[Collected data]
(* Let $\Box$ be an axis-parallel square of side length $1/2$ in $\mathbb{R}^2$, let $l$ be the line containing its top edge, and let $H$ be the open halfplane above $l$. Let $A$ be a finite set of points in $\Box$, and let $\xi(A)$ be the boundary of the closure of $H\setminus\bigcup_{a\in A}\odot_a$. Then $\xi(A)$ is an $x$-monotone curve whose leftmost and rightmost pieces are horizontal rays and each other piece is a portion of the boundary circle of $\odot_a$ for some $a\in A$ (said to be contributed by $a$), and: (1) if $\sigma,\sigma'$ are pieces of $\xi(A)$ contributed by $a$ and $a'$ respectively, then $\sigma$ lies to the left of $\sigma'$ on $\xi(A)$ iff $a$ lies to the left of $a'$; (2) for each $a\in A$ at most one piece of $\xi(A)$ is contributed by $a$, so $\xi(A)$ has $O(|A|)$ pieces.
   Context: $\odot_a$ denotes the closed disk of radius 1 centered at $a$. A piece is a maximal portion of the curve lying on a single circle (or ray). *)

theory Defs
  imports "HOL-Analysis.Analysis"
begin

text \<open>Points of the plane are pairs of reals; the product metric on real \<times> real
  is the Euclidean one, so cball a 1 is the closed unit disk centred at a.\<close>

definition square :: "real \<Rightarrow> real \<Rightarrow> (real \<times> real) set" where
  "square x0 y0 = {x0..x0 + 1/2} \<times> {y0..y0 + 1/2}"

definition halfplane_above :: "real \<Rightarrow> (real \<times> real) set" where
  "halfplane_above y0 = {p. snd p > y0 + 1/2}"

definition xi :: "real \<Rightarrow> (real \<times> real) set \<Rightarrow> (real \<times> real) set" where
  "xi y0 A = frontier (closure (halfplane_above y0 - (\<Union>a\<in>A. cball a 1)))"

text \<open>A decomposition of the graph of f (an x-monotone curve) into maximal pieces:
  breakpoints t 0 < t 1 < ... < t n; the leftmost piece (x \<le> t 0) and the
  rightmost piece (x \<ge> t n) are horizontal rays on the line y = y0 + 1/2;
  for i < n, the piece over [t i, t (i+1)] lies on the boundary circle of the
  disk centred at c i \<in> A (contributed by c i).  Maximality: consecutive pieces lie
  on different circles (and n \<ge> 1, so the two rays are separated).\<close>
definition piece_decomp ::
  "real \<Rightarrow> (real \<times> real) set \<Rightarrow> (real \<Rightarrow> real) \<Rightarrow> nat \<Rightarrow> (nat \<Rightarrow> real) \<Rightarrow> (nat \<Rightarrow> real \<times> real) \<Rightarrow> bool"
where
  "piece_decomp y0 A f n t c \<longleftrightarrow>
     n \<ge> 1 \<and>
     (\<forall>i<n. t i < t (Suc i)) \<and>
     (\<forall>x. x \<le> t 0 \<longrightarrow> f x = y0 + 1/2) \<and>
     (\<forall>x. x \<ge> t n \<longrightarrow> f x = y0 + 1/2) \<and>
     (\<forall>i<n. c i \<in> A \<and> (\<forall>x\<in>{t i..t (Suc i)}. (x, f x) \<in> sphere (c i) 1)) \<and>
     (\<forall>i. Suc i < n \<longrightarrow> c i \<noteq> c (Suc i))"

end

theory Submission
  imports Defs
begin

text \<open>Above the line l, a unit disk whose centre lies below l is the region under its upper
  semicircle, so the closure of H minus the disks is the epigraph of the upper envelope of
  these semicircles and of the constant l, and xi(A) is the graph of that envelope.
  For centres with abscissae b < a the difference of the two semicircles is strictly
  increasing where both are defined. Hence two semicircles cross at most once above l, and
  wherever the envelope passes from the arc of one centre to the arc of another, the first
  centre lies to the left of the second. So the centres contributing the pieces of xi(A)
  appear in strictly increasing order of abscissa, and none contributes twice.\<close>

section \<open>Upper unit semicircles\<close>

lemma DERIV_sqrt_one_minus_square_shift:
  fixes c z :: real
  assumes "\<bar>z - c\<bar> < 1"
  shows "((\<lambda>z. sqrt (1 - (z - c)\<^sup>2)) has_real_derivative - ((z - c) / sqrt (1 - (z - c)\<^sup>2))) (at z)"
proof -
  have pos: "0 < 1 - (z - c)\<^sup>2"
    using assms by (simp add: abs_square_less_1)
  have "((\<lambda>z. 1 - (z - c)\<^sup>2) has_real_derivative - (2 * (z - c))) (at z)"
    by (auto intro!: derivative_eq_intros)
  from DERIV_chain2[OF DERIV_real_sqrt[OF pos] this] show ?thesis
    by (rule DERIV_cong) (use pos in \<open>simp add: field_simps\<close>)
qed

...

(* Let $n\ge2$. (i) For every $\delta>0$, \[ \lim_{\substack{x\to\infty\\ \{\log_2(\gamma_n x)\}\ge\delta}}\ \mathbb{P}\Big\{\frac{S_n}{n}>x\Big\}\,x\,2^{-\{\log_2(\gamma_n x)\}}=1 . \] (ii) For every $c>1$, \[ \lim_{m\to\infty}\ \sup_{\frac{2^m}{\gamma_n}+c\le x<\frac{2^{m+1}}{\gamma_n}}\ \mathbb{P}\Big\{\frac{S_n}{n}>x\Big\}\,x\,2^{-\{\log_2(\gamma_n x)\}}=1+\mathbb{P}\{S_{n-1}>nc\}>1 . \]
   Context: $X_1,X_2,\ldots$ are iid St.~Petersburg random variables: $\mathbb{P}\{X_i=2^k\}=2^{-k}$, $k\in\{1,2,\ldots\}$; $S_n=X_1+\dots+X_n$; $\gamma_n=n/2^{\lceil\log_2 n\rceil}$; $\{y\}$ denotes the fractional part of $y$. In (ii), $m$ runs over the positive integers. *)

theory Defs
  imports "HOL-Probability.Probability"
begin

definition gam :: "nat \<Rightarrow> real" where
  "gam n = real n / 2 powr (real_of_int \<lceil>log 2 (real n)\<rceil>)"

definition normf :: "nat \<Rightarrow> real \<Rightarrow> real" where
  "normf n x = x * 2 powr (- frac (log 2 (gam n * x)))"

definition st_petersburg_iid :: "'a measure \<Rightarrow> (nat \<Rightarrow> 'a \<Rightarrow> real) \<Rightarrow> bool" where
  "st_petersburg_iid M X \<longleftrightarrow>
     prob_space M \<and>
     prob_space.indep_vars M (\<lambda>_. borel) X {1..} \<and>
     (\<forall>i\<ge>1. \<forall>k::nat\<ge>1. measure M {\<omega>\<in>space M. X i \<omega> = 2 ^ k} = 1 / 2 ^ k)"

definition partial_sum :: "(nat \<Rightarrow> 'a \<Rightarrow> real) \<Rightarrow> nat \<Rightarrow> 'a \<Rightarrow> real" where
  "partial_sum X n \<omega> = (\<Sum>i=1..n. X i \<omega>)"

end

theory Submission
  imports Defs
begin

* * *

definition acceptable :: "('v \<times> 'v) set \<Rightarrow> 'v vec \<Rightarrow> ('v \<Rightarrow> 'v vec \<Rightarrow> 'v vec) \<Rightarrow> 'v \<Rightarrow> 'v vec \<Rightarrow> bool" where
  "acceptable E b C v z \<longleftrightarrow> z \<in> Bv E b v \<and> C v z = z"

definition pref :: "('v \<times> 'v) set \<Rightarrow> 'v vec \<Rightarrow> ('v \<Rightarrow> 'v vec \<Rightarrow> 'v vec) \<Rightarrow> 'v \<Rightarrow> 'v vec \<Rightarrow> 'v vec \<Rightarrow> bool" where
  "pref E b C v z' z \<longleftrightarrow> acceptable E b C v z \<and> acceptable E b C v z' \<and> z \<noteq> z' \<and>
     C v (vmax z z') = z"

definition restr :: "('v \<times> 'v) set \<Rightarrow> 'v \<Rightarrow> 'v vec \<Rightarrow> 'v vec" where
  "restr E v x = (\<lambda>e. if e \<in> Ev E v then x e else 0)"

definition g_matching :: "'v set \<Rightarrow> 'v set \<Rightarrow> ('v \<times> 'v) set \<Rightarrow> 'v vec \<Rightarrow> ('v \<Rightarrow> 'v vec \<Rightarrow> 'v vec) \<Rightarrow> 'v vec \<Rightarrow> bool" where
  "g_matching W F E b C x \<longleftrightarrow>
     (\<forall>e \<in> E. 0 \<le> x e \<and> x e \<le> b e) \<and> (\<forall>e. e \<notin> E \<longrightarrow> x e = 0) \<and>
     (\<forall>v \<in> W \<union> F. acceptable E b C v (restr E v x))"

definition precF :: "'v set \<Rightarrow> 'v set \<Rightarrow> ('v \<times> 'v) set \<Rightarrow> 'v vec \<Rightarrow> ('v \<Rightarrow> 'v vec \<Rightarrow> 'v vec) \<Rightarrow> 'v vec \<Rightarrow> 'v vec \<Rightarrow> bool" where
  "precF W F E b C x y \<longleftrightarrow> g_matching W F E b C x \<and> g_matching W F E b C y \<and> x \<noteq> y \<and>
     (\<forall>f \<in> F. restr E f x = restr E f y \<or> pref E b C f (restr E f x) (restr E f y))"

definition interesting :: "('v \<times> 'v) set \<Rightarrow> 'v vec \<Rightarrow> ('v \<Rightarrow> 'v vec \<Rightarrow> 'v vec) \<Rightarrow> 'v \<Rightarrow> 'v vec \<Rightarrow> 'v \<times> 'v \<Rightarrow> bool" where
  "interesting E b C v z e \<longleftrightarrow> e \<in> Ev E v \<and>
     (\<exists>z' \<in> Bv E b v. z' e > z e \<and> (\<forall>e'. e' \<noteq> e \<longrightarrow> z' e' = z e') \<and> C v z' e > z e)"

_Problem_
Taking the entries above, print exactly the lines starting at the line with "set \<Rightarrow> 'v \<Rightarrow>" and ending at the line with "(\<exists>z' \<in> Bv", both included.

_Your response_
definition restr :: "('v \<times> 'v) set \<Rightarrow> 'v \<Rightarrow> 'v vec \<Rightarrow> 'v vec" where
  "restr E v x = (\<lambda>e. if e \<in> Ev E v then x e else 0)"

definition g_matching :: "'v set \<Rightarrow> 'v set \<Rightarrow> ('v \<times> 'v) set \<Rightarrow> 'v vec \<Rightarrow> ('v \<Rightarrow> 'v vec \<Rightarrow> 'v vec) \<Rightarrow> 'v vec \<Rightarrow> bool" where
  "g_matching W F E b C x \<longleftrightarrow>
     (\<forall>e \<in> E. 0 \<le> x e \<and> x e \<le> b e) \<and> (\<forall>e. e \<notin> E \<longrightarrow> x e = 0) \<and>
     (\<forall>v \<in> W \<union> F. acceptable E b C v (restr E v x))"

definition precF :: "'v set \<Rightarrow> 'v set \<Rightarrow> ('v \<times> 'v) set \<Rightarrow> 'v vec \<Rightarrow> ('v \<Rightarrow> 'v vec \<Rightarrow> 'v vec) \<Rightarrow> 'v vec \<Rightarrow> 'v vec \<Rightarrow> bool" where
  "precF W F E b C x y \<longleftrightarrow> g_matching W F E b C x \<and> g_matching W F E b C y \<and> x \<noteq> y \<and>
     (\<forall>f \<in> F. restr E f x = restr E f y \<or> pref E b C f (restr E f x) (restr E f y))"

definition interesting :: "('v \<times> 'v) set \<Rightarrow> 'v vec \<Rightarrow> ('v \<Rightarrow> 'v vec \<Rightarrow> 'v vec) \<Rightarrow> 'v \<Rightarrow> 'v vec \<Rightarrow> 'v \<times> 'v \<Rightarrow> bool" where
  "interesting E b C v z e \<longleftrightarrow> e \<in> Ev E v \<and>
     (\<exists>z' \<in> Bv E b v. z' e > z e \<and> (\<forall>e'. e' \<noteq> e \<longrightarrow> z' e' = z e') \<and> C v z' e > z e)"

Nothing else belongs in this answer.